EXERCISE ▸ From the listing below, return each line that includes "finally".

LISTED RECORDS ▸
(* Let $G\subset\mathbb{K}[\mathbf{x}][\boldsymbol{\partial}]$ be a finite set and let $f\in\mathbb{K}[[x_1,\dots,x_n]]$ be a nonzero formal power series solution of $G$ (i.e. $P(f)=0$ for all $P\in G$) with initial exponent $\mathbf{w}$. Then $\mathbf{w}$ is a root of $\mathrm{ind}(P)$ for each $P\in G$.
   Context: $\mathbb{K}$ is a field of characteristic zero; $\mathbb{K}[\mathbf{x}][\boldsymbol{\partial}]$ is the ring of partial differential operators in $\partial_1,\dots,\partial_n$ with coefficients in $\mathbb{K}[x_1,\dots,x_n]$ ($\partial_i f=f\partial_i+\partial f/\partial x_i$), acting naturally on $\mathbb{K}[[\mathbf{x}]]$. $\prec$ is a fixed graded term order on $\mathbb{N}^n$, applied to monomials $\mathbf{x}^{\mathbf{u}}$; the initial exponent of nonzero $f$ is the $\prec$-smallest exponent occurring in $f$. Indicial polynomial: let $\delta_i=x_i\partial_i$. For nonzero $P=\sum_{|\mathbf{u}|\le m}c_{\mathbf{u}}\boldsymbol{\partial}^{\mathbf{u}}$ of order $m$ (some $c_{\mathbf{u}}\ne0$ with $|\mathbf{u}|=m$), with $\mathbf{m}=(m,\dots,m)$ write uniquely $\mathbf{x}^{\mathbf{m}}P=\sum_{\mathbf{v}\in T}\mathbf{x}^{\mathbf{v}}\big(\sum_{|\mathbf{u}|\le m}c_{\mathbf{u},\mathbf{v}}\boldsymbol{\delta}^{\mathbf{u}}\big)$ with $c_{\mathbf{u},\mathbf{v}}\in\mathbb{K}$ and nonzero inner sums; with $\mathbf{v}_0$ the $\prec$-minimal element of $T$, $\mathrm{ind}(P)=\sum_{|\mathbf{u}|\le m}c_{\mathbf{u},\mathbf{v}_0}\mathbf{y}^{\mathbf{u}}\in\mathbb{K}[y_1,\dots,y_n]$; $\mathrm{ind}(0)=0$. *)

theory Defs
  imports Main "HOL-Library.Function_Algebras" "HOL-Combinatorics.Stirling"
begin

text \<open>Exponent vectors in N^n are functions 'n => nat for a finite index type 'n
  (n = CARD('n)).  A formal power series in K[[x]] is its coefficient function
  ('n => nat) => 'k.\<close>

type_synonym 'n expo = "'n \<Rightarrow> nat"

definition total_deg :: "('n::finite) expo \<Rightarrow> nat" where
  "total_deg u = (\<Sum>i\<in>UNIV. u i)"

definition graded_term_order :: "(('n::finite) expo \<Rightarrow> 'n expo \<Rightarrow> bool) \<Rightarrow> bool" where
  "graded_term_order prec \<longleftrightarrow>
     (\<forall>u. \<not> prec u u) \<and>
     (\<forall>u v w. prec u v \<longrightarrow> prec v w \<longrightarrow> prec u w) \<and>
     (\<forall>u v. u \<noteq> v \<longrightarrow> prec u v \<or> prec v u) \<and>
     (\<forall>u v w. prec u v \<longrightarrow> prec (u + w) (v + w)) \<and>
     (\<forall>u. u \<noteq> 0 \<longrightarrow> prec 0 u) \<and>
     (\<forall>u v. total_deg u < total_deg v \<longrightarrow> prec u v)"

definition init_exp :: "(('n::finite) expo \<Rightarrow> 'n expo \<Rightarrow> bool) \<Rightarrow> ('n expo \<Rightarrow> 'k::zero) \<Rightarrow> 'n expo" where
  "init_exp prec f = (THE w. f w \<noteq> 0 \<and> (\<forall>v. f v \<noteq> 0 \<longrightarrow> v \<noteq> w \<longrightarrow> prec w v))"

text \<open>A differential operator in K[x][d] in normal form  sum c_(v,u) x^v d^u
  (coefficients to the left), given by its finitely supported coefficient map
  (v,u) |-> c_(v,u).\<close>
type_synonym ('n,'k) diffop = "'n expo \<times> 'n expo \<Rightarrow> 'k"

definition op_supp :: "('n,'k::zero) diffop \<Rightarrow> ('n expo \<times> 'n expo) set" where
  "op_supp P = {vu. P vu \<noteq> 0}"

definition is_diffop :: "('n,'k::zero) diffop \<Rightarrow> bool" where
  "is_diffop P \<longleftrightarrow> finite (op_supp P)"

text \<open>Coefficient at exponent a of d^u applied to f (natural action on K[[x]]).\<close>
definition deriv_coeff :: "('n::finite) expo \<Rightarrow> ('n expo \<Rightarrow> 'k::field_char_0) \<Rightarrow> 'n expo \<Rightarrow> 'k" where
  "deriv_coeff u f b = f (b + u) * (\<Prod>i\<in>UNIV. of_nat (fact (b i + u i) div fact (b i)))"

definition apply_op :: "('n::finite,'k::field_char_0) diffop \<Rightarrow> ('n expo \<Rightarrow> 'k) \<Rightarrow> 'n expo \<Rightarrow> 'k" where
  "apply_op P f a = (\<Sum>(v,u)\<in>op_supp P. P (v,u) * (if v \<le> a then deriv_coeff u f (a - v) else 0))"

definition op_order :: "('n::finite,'k::zero) diffop \<Rightarrow> nat" where
  "op_order P = Max (total_deg ` snd ` op_supp P)"

text \<open>Signed Stirling numbers of the first kind: the falling factorial
  y(y-1)...(y-k+1) equals sum_j s1 k j * y^j.\<close>
definition s1 :: "nat \<Rightarrow> nat \<Rightarrow> int" where
  "s1 k j = (-1) ^ (k - j) * int (stirling k j)"

text \<open>Writing x^m P = sum_s x^s (sum_a c_(a,s) delta^a), using
  x^m x^v d^u = x^(m+v-u) (x^u d^u) and x_i^k d_i^k = delta_i(delta_i - 1)...(delta_i - k + 1):
  the coefficient c_(a,s) of x^s delta^a.\<close>
definition delta_coeff :: "('n::finite,'k::field_char_0) diffop \<Rightarrow> 'n expo \<Rightarrow> 'n expo \<Rightarrow> 'k" where
  "delta_coeff P s a =
     (\<Sum>(v,u)\<in>op_supp P.
        if (\<lambda>_. op_order P) + v - u = s
        then P (v,u) * (\<Prod>i\<in>UNIV. of_int (s1 (u i) (a i))) else 0)"

definition shift_set :: "('n::finite,'k::field_char_0) diffop \<Rightarrow> 'n expo set" where
  "shift_set P = {s. \<exists>a. delta_coeff P s a \<noteq> 0}"

text \<open>Indicial polynomial ind(P) in K[y_1..y_n], as coefficient map a |-> coeff of y^a
  (ind(0) = 0).\<close>
definition indicial :: "(('n::finite) expo \<Rightarrow> 'n expo \<Rightarrow> bool) \<Rightarrow> ('n,'k::field_char_0) diffop \<Rightarrow> 'n expo \<Rightarrow> 'k" where
  "indicial prec P =
     (if op_supp P = {} then (\<lambda>_. 0)
      else delta_coeff P (THE s0. s0 \<in> shift_set P \<and> (\<forall>s\<in>shift_set P. s \<noteq> s0 \<longrightarrow> prec s0 s)))"

definition mpoly_eval :: "(('n::finite) expo \<Rightarrow> 'k::comm_ring_1) \<Rightarrow> ('n \<Rightarrow> 'k) \<Rightarrow> 'k" where
  "mpoly_eval p y = (\<Sum>a\<in>{a. p a \<noteq> 0}. p a * (\<Prod>i\<in>UNIV. y i ^ a i))"

end

theory Submission
  imports Defs "HOL-Library.FuncSet"
begin

text \<open>Since x_i^k d_i^k acts on the monomial x^b by multiplication with the falling
  factorial b_i(b_i - 1)...(b_i - k + 1), writing x^m P = sum_s x^s theta_s(delta) shows that
  the coefficient of x^c in x^m P(f) is sum_s f(c - s) theta_s(c - s).  Take c = s0 + w,
  with s0 the least shift and w the initial exponent of f.  Any other term with
  f(c - s) nonzero would give s0 < s and w < c - s, hence c < c by the compatibility of the
  term order with addition.  So f(w) ind(P)(w) = 0.\<close>

definition falling_fact :: "'a::comm_ring_1 \<Rightarrow> nat \<Rightarrow> 'a" where
  "falling_fact y k = pochhammer (y - of_nat k + 1) k"

lemma sum_s1_power_eq_falling_fact:
  "(\<Sum>j\<le>k. of_int (s1 k j) * (y::'a::comm_ring_1) ^ j) = falling_fact y k"
proof -
  have "falling_fact y k = (-1) ^ k * pochhammer (-y) k"
    by (simp add: falling_fact_def pochhammer_minus)
  also have "\<dots> = (\<Sum>j\<le>k. (-1) ^ k * (of_nat (stirling k j) * (-y) ^ j))"
    by (simp add: sum_distrib_left flip: stirling_pochhammer)
  also have "\<dots> = (\<Sum>j\<le>k. of_int (s1 k j) * y ^ j)"
  proof (rule sum.cong)
    fix j assume "j \<in> {..k}"
    then have "(-1::'a) ^ k = (-1) ^ (k - j) * (-1) ^ j"
      by (simp flip: power_add)
    then have "(-1) ^ k * (of_nat (stirling k j) * (-y) ^ j)
        = (-1) ^ (k - j) * ((-1) ^ j * (-1) ^ j) * (of_nat (stirling k j) * y ^ j)"
      by (simp only: power_minus[of y] mult_ac)
    also have "\<dots> = of_int (s1 k j) * y ^ j"
      by (simp add: s1_def flip: power_mult_distrib)
    finally show "(-1) ^ k * (of_nat (stirling k j) * (-y) ^ j) = of_int (s1 k j) * y ^ j" .
  qed simp
  finally show ?thesis by simp
qed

EXERCISE RESULT ▸
    finally show "(-1) ^ k * (of_nat (stirling k j) * (-y) ^ j) = of_int (s1 k j) * y ^ j" .
  finally show ?thesis by simp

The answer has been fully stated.